- _What to produce_: In the entries below, the lines from the one with "C\<close> it is.\<close>" through the one with "(\<lambda>(r, v). \<phi>" are to be copied exactly; both ends count.

═══

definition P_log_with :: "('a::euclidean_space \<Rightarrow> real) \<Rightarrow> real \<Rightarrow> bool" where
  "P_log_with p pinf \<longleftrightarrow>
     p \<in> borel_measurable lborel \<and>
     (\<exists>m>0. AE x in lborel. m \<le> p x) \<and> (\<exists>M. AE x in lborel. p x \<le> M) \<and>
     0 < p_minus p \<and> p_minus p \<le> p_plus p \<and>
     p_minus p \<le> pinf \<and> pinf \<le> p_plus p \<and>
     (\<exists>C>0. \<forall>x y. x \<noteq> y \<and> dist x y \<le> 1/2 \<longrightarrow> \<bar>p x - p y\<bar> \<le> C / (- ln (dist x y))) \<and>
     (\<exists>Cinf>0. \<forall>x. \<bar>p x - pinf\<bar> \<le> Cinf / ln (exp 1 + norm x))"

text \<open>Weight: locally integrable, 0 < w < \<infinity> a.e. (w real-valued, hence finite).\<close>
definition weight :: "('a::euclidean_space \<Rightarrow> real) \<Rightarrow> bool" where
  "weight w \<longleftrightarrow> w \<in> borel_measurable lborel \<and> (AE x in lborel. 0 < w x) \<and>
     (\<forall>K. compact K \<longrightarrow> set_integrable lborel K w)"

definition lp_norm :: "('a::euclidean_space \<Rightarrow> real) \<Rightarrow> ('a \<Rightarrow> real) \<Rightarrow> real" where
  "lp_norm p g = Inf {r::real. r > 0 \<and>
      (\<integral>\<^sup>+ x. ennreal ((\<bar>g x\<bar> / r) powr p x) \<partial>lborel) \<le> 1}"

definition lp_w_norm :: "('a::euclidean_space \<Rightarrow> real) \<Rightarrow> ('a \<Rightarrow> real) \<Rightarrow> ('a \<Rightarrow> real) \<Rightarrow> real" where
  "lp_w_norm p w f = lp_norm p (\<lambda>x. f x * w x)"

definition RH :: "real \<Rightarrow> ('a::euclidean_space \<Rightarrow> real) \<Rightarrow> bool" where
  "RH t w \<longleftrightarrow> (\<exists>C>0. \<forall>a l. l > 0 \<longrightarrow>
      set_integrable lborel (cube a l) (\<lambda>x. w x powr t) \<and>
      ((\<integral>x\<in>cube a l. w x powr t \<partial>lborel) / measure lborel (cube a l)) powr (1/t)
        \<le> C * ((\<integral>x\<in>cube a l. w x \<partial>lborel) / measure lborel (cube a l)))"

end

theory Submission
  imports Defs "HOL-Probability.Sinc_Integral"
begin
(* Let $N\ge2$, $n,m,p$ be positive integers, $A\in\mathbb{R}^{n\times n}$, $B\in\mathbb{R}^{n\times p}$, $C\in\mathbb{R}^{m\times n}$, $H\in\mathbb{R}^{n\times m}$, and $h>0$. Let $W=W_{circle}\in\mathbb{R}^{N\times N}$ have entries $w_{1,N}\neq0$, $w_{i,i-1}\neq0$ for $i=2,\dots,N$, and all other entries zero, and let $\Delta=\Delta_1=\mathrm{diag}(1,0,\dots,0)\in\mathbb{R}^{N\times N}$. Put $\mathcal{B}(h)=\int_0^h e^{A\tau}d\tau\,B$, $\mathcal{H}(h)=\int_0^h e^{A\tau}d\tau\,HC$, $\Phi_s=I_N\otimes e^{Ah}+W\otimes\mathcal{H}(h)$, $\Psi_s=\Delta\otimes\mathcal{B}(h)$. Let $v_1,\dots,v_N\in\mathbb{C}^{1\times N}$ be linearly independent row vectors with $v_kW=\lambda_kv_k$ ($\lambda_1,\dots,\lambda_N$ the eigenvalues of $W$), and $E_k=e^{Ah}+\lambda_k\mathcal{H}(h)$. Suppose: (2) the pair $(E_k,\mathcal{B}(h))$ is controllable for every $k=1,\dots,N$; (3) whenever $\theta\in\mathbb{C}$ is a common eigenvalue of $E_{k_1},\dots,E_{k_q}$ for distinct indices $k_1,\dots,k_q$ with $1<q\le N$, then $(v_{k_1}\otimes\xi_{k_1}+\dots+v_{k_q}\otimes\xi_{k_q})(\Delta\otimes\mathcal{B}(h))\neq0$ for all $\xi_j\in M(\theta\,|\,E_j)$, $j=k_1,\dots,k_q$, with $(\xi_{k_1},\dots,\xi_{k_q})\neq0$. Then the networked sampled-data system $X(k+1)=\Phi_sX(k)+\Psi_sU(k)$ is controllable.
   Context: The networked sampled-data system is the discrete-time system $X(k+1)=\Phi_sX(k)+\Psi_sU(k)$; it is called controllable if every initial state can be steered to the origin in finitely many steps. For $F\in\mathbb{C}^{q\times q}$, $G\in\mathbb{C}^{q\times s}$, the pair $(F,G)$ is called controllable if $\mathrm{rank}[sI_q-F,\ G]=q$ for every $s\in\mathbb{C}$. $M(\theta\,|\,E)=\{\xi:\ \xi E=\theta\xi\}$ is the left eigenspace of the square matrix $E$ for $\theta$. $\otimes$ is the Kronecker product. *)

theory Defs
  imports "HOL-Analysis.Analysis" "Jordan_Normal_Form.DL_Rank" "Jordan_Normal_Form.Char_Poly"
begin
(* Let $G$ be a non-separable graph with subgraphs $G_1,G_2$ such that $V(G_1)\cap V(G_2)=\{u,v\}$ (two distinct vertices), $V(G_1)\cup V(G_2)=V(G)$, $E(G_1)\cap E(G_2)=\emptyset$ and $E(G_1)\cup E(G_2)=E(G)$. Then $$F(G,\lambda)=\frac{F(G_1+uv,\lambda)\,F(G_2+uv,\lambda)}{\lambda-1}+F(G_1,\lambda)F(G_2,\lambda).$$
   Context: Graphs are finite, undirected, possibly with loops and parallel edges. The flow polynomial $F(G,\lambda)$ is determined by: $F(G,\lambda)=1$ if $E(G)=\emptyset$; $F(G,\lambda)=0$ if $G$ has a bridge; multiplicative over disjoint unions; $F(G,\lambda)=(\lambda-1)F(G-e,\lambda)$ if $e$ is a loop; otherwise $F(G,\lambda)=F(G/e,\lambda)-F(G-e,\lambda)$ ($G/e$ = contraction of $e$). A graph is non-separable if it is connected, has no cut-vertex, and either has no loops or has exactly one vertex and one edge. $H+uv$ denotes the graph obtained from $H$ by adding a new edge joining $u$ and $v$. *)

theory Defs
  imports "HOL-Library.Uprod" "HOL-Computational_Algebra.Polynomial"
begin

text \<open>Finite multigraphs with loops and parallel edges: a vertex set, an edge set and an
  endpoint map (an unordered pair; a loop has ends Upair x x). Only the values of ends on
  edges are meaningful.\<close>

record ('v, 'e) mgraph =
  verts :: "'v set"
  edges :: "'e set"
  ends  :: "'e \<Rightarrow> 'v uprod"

═══

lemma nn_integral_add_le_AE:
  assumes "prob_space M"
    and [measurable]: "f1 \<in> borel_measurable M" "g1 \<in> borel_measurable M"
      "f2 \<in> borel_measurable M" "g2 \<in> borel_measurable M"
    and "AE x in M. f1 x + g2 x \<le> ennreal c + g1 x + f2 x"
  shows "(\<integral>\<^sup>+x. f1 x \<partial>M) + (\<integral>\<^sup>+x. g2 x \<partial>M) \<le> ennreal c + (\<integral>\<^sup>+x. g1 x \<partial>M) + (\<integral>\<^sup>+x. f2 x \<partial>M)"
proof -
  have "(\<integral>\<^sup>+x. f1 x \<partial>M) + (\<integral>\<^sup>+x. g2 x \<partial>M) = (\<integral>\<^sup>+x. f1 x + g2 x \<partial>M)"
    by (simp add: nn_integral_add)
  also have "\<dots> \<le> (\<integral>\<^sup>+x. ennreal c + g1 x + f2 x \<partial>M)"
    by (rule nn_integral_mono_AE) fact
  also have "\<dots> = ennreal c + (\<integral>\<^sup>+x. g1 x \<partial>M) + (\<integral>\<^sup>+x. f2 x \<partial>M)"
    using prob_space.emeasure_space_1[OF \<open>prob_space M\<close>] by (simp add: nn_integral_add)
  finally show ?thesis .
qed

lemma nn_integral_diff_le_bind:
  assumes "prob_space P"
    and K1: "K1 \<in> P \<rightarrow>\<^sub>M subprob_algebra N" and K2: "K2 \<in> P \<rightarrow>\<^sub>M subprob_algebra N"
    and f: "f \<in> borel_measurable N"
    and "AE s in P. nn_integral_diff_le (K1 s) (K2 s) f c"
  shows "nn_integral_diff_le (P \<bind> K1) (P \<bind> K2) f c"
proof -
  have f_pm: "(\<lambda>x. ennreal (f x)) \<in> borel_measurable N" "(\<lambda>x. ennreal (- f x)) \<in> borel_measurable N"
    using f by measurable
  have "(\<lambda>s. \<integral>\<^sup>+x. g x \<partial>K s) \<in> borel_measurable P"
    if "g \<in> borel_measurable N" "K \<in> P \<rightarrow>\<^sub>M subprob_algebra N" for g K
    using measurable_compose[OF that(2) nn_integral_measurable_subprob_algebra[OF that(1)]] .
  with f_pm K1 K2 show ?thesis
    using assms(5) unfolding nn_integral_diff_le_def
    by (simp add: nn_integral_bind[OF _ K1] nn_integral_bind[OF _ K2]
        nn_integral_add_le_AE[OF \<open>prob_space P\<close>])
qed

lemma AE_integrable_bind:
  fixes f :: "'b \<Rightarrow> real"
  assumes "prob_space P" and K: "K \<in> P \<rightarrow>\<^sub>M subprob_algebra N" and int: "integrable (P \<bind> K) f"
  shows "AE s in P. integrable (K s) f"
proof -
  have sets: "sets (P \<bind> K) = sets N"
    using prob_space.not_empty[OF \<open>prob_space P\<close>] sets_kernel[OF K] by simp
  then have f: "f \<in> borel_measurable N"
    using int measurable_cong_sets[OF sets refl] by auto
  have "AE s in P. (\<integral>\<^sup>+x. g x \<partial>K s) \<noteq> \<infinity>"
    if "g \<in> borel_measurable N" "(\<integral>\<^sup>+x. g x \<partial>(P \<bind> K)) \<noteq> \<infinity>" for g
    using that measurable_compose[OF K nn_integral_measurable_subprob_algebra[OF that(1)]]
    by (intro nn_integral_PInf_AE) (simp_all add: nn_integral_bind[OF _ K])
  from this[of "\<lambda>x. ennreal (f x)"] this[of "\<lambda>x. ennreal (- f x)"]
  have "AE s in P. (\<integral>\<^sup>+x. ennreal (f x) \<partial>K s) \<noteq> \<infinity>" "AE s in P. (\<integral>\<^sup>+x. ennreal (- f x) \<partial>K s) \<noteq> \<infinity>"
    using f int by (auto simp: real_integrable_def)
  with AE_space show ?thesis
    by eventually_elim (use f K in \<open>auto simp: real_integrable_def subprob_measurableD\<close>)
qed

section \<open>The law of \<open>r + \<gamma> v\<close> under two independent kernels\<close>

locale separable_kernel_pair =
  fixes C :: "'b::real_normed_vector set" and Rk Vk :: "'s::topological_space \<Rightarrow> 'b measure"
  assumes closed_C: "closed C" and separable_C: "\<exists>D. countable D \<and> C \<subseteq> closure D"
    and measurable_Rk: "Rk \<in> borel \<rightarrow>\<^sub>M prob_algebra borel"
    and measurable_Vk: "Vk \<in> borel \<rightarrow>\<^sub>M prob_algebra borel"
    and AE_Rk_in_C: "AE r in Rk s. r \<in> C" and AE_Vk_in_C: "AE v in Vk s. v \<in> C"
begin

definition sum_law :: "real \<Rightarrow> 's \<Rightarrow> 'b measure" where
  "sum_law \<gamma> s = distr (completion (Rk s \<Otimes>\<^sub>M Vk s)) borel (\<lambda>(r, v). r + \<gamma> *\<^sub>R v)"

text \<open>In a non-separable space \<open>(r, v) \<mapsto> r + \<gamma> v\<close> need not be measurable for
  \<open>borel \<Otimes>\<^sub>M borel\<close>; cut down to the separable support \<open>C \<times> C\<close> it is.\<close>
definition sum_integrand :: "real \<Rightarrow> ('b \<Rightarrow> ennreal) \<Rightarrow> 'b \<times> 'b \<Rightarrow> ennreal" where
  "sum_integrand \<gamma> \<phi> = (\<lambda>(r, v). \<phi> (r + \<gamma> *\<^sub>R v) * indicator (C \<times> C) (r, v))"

═══

- _Solution to this task_:
  \<open>borel \<Otimes>\<^sub>M borel\<close>; cut down to the separable support \<open>C \<times> C\<close> it is.\<close>
definition sum_integrand :: "real \<Rightarrow> ('b \<Rightarrow> ennreal) \<Rightarrow> 'b \<times> 'b \<Rightarrow> ennreal" where
  "sum_integrand \<gamma> \<phi> = (\<lambda>(r, v). \<phi> (r + \<gamma> *\<^sub>R v) * indicator (C \<times> C) (r, v))"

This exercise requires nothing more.